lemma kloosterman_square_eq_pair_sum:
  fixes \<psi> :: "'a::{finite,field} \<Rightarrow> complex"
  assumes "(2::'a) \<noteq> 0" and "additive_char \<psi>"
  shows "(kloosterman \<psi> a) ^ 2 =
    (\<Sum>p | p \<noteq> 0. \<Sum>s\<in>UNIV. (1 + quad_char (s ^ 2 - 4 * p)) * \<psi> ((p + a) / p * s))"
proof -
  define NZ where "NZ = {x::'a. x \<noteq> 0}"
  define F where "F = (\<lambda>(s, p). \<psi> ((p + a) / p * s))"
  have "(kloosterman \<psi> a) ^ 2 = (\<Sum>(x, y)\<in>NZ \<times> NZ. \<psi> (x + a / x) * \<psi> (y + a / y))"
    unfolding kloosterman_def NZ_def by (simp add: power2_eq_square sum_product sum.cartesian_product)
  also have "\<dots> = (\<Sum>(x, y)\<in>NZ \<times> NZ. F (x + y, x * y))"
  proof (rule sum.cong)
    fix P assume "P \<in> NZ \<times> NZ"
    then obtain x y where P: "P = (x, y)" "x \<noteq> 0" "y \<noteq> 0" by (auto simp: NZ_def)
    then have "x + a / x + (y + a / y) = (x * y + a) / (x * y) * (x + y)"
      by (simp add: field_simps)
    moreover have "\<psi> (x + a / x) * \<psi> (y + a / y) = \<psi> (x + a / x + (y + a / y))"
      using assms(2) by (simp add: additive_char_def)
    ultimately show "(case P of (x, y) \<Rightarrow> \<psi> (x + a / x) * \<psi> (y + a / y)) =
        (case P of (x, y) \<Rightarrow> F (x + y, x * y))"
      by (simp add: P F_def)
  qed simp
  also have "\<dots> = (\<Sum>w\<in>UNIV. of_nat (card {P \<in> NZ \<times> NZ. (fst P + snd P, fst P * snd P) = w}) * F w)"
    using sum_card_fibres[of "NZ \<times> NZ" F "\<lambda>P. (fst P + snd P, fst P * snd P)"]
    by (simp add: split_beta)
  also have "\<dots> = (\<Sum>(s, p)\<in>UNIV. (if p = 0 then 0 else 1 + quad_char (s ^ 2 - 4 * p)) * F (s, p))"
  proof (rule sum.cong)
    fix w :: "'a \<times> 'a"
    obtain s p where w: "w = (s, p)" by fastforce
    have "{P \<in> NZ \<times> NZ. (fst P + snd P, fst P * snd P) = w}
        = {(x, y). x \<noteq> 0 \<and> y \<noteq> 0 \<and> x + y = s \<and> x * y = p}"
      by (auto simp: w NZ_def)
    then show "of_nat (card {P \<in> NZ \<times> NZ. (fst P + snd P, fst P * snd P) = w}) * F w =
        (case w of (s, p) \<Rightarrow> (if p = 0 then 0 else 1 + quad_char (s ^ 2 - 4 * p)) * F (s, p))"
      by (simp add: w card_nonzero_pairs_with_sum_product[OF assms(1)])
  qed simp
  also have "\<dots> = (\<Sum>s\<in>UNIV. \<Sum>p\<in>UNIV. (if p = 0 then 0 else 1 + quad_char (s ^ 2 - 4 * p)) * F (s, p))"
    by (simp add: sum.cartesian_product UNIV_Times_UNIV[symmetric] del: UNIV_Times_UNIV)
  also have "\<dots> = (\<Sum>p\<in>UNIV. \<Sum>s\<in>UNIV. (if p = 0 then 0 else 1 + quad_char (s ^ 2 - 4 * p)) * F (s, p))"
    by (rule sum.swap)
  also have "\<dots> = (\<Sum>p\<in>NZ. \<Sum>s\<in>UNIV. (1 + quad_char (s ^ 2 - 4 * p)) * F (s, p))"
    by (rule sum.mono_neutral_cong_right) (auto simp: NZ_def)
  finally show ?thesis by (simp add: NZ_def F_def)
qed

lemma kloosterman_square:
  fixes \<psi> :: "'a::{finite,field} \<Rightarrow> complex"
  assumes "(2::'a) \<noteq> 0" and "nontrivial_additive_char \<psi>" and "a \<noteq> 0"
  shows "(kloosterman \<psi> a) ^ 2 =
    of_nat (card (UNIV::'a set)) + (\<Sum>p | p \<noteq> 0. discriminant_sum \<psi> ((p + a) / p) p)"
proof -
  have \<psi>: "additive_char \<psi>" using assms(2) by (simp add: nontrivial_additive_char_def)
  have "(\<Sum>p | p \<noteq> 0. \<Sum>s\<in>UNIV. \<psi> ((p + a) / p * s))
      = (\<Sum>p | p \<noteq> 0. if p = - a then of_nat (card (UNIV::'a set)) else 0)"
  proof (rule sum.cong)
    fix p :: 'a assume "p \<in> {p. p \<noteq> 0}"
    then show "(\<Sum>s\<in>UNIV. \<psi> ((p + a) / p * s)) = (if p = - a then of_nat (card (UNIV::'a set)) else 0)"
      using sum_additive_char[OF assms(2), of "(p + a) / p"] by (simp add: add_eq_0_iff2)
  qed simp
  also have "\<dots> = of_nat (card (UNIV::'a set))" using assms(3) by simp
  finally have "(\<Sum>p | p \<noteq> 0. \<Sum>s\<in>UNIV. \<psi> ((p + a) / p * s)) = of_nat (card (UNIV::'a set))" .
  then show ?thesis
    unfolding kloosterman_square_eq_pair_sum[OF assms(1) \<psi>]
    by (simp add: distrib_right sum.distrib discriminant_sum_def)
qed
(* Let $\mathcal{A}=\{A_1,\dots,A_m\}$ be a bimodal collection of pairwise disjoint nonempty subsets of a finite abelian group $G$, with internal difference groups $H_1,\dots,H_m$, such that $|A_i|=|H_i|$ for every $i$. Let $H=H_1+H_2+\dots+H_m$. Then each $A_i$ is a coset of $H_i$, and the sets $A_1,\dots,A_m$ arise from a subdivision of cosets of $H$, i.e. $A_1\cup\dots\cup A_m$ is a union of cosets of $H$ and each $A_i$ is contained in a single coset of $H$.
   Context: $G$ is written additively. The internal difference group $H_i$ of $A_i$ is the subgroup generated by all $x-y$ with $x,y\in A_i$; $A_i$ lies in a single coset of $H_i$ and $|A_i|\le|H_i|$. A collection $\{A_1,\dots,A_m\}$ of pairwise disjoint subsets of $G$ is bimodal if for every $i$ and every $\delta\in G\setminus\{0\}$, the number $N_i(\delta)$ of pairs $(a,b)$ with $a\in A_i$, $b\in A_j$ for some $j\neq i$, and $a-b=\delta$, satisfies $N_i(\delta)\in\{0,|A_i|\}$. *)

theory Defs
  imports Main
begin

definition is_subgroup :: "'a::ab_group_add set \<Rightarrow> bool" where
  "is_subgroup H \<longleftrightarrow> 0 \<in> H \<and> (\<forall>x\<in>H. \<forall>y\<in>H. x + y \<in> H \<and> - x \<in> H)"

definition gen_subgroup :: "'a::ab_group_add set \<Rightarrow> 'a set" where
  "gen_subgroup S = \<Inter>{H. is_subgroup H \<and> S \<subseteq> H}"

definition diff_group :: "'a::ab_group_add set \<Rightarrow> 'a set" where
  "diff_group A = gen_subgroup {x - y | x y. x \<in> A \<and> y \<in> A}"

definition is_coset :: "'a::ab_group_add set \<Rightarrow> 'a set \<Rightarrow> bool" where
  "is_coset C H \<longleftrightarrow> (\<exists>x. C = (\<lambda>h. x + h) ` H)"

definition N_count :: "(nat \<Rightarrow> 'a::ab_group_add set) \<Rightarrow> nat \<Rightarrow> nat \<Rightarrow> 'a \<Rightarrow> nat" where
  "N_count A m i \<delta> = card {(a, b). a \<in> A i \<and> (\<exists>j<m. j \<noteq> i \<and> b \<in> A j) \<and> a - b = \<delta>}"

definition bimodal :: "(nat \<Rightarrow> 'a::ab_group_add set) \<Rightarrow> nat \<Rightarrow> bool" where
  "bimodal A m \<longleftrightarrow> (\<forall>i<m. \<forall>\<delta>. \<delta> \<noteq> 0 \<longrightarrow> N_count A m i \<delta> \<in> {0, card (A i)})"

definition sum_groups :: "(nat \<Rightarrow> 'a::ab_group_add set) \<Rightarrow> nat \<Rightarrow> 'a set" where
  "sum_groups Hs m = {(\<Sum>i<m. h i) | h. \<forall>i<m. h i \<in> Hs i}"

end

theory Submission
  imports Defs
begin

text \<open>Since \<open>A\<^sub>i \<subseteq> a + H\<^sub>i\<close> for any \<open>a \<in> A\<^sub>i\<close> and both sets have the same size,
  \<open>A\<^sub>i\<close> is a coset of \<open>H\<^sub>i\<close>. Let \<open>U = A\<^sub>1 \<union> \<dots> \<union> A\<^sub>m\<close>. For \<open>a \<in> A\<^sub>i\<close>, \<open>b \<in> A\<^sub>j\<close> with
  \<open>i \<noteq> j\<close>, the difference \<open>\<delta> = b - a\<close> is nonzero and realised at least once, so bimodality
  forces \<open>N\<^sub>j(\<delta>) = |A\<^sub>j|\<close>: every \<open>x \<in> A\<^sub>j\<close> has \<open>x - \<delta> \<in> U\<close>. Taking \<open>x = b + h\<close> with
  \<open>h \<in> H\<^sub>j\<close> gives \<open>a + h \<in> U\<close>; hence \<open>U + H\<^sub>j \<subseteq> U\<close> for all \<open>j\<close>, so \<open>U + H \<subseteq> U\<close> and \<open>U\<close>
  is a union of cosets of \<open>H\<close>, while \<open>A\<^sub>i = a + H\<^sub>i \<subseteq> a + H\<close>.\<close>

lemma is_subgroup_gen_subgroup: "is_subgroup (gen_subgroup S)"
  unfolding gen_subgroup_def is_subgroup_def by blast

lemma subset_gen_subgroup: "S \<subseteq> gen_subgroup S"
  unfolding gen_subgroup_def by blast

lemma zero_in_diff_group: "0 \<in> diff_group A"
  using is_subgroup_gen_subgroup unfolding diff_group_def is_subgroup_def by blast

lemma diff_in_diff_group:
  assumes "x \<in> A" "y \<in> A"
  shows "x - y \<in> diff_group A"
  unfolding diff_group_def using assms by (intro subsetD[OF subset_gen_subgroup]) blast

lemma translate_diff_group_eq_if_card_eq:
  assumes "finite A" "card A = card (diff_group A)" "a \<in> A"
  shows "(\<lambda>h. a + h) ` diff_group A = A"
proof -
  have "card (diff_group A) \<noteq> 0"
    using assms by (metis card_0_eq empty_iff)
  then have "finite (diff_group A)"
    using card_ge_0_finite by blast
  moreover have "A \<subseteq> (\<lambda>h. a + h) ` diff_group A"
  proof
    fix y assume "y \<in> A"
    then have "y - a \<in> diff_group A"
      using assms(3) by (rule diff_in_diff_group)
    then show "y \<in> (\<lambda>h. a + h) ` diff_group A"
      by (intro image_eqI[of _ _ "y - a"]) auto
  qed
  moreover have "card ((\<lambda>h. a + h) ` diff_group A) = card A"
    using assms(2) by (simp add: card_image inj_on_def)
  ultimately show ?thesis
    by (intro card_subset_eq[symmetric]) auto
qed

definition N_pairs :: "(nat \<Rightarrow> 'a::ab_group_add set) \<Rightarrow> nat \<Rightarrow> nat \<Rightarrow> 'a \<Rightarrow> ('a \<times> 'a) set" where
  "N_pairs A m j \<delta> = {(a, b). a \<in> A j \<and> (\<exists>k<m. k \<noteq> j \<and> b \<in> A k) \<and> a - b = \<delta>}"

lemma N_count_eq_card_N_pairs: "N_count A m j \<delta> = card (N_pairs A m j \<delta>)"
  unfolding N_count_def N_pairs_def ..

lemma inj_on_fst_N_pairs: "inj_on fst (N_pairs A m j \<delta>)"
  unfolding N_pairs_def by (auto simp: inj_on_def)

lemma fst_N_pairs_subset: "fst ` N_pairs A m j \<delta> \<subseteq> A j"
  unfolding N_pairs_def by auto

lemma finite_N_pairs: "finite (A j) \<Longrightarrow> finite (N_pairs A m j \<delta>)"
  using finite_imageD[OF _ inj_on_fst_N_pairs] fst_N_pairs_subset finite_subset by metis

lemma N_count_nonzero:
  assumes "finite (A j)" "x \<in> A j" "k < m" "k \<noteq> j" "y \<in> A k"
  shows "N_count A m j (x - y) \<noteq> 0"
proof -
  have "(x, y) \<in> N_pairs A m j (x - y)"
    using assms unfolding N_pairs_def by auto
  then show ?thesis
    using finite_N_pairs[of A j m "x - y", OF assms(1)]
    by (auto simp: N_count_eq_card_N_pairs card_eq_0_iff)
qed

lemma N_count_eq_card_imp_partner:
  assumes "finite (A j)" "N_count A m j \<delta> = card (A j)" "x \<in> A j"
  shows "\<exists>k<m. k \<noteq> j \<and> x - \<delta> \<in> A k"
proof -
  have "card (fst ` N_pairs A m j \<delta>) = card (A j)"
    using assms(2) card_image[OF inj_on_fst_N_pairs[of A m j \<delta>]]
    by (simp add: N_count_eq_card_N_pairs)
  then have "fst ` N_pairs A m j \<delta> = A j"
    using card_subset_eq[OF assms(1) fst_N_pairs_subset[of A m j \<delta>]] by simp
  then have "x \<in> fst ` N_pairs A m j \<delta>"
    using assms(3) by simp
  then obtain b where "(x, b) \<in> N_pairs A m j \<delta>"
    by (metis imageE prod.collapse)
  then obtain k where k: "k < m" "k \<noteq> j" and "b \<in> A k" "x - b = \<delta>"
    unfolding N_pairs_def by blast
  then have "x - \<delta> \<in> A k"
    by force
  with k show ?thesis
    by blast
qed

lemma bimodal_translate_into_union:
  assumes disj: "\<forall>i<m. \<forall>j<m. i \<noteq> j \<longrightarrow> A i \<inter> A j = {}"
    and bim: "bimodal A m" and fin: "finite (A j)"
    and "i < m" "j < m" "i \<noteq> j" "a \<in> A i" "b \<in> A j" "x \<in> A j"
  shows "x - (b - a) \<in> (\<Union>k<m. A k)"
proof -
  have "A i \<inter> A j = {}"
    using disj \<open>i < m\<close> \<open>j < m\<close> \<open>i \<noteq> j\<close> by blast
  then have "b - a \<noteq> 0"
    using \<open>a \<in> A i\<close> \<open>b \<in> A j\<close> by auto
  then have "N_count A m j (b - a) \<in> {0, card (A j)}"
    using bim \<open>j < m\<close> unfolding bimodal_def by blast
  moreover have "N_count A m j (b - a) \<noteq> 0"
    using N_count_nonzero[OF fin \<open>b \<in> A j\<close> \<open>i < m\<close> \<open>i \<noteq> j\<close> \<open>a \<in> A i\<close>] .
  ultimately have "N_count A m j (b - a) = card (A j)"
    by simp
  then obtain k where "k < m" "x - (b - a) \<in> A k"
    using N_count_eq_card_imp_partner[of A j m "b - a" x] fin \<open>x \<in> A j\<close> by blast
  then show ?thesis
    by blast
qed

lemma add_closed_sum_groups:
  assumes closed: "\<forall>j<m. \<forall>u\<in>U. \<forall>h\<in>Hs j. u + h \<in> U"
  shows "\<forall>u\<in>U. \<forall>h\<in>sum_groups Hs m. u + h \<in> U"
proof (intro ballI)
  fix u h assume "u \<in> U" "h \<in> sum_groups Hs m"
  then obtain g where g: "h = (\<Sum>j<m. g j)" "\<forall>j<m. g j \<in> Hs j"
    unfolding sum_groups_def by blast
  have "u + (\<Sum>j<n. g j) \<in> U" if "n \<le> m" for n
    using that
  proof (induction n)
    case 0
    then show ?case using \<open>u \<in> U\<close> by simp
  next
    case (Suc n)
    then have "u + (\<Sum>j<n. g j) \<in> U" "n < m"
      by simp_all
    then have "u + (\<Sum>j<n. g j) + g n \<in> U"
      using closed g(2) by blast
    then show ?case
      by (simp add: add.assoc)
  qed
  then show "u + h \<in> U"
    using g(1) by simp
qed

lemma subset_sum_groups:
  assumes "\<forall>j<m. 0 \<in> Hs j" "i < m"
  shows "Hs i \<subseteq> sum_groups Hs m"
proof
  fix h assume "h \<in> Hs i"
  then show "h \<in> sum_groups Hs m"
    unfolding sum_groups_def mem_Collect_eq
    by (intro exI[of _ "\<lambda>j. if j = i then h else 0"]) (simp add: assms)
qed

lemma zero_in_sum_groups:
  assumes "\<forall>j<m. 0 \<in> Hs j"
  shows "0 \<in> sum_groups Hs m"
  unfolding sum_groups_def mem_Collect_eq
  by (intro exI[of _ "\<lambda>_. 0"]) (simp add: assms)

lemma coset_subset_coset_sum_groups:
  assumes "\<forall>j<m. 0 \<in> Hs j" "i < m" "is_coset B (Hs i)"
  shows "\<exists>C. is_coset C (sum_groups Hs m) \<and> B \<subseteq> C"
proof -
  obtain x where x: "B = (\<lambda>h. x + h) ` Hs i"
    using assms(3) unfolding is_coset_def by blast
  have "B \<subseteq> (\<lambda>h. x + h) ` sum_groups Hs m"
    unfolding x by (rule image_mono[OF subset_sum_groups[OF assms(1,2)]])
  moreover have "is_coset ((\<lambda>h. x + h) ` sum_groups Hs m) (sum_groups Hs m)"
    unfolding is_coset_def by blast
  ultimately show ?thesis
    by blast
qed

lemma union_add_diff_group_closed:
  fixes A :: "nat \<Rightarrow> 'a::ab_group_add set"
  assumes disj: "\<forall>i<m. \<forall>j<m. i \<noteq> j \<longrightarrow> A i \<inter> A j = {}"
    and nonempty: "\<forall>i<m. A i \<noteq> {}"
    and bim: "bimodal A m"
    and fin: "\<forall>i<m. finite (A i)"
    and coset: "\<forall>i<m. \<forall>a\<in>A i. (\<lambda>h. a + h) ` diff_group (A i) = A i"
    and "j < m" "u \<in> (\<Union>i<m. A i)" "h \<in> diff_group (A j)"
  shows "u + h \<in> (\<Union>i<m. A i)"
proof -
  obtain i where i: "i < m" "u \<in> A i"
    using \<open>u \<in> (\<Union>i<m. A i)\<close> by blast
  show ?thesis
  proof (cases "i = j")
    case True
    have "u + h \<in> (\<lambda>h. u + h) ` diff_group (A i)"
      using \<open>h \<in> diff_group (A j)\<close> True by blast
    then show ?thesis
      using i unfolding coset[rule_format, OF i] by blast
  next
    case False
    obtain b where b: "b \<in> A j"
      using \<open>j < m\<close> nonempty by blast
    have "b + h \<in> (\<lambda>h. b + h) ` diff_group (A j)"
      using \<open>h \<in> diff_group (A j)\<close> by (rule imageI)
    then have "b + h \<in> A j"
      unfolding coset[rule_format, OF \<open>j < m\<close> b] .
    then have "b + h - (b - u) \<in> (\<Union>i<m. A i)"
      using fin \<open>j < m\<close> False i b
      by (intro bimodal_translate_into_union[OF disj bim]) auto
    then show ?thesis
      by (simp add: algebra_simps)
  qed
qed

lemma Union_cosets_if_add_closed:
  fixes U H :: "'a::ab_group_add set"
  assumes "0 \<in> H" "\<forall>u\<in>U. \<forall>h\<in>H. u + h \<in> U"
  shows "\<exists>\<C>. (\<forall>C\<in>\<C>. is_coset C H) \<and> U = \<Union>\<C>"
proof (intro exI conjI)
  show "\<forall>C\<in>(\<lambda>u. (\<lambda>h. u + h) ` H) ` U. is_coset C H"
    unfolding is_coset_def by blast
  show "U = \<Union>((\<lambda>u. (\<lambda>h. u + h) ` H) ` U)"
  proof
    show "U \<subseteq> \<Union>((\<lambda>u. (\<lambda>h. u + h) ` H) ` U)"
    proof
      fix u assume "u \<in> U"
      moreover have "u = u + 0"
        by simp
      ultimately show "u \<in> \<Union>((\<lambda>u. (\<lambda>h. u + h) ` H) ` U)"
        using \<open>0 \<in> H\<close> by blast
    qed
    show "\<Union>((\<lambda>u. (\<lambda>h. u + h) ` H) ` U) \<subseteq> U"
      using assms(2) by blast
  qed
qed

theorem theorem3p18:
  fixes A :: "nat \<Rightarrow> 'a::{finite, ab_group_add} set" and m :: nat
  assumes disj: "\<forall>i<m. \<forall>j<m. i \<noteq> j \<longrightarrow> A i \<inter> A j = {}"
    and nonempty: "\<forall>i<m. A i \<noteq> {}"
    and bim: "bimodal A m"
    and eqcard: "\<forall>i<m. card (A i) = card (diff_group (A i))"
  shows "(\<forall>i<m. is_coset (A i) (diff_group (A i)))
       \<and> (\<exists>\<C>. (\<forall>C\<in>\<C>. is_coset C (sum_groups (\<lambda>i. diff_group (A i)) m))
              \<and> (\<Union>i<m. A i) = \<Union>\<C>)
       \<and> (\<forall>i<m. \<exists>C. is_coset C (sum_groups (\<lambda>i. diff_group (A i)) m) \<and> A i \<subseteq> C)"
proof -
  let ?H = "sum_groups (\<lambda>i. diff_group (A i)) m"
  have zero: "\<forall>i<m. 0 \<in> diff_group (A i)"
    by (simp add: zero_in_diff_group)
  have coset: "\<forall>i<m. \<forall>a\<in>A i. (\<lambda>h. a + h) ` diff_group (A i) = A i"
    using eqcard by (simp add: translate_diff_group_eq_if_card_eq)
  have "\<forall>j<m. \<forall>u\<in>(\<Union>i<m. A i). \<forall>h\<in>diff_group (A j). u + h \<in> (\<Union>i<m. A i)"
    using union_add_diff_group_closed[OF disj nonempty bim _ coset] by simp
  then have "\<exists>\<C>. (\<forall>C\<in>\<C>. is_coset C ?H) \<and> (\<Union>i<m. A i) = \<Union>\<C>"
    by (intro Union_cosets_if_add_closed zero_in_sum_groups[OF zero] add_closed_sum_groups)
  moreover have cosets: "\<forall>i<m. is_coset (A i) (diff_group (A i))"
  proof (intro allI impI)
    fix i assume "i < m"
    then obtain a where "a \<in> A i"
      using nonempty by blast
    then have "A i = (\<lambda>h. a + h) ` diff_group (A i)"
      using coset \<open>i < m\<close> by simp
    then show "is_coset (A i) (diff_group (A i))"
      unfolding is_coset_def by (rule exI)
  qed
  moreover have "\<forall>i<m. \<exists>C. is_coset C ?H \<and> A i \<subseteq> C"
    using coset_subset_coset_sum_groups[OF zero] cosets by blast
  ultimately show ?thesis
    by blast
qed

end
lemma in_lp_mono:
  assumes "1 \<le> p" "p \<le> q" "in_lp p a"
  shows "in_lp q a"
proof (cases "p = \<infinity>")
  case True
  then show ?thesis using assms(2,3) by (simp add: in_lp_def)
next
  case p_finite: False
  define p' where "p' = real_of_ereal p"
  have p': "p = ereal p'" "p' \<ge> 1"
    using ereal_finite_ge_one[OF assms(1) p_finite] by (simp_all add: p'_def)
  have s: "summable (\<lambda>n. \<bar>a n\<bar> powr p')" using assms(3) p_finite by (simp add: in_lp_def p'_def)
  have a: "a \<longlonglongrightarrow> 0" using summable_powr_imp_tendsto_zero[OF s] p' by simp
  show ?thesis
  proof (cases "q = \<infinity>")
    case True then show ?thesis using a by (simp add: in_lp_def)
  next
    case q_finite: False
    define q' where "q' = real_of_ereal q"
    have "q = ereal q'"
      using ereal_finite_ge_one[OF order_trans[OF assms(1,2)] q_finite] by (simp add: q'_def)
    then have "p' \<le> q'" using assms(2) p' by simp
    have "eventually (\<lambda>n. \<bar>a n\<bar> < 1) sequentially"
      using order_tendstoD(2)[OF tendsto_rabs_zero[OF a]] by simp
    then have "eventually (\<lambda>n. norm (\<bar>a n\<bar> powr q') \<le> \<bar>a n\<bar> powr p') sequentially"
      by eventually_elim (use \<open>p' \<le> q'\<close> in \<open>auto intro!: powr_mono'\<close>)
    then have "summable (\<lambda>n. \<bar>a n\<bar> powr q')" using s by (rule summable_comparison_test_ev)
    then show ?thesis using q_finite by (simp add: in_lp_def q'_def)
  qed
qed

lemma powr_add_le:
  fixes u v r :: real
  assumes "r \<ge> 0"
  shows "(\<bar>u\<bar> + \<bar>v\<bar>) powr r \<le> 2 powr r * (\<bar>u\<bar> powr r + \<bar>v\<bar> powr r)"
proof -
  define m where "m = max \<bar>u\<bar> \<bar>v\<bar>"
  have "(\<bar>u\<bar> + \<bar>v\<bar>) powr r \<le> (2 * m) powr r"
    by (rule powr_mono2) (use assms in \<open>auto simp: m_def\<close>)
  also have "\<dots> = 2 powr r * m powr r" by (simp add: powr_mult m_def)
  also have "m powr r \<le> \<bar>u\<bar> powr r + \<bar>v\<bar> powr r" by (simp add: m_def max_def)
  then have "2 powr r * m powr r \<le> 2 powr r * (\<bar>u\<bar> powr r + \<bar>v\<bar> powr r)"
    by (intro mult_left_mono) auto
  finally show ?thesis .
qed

• _WORK TO COMPLETE_
Look back at the entries above and repeat, unchanged, every line from the line holding "i) = \<Union>\<C>)" through the line holding "by (simp add: zero_in_diff_group)".

• _TASK RESULT_
              \<and> (\<Union>i<m. A i) = \<Union>\<C>)
       \<and> (\<forall>i<m. \<exists>C. is_coset C (sum_groups (\<lambda>i. diff_group (A i)) m) \<and> A i \<subseteq> C)"
proof -
  let ?H = "sum_groups (\<lambda>i. diff_group (A i)) m"
  have zero: "\<forall>i<m. 0 \<in> diff_group (A i)"
    by (simp add: zero_in_diff_group)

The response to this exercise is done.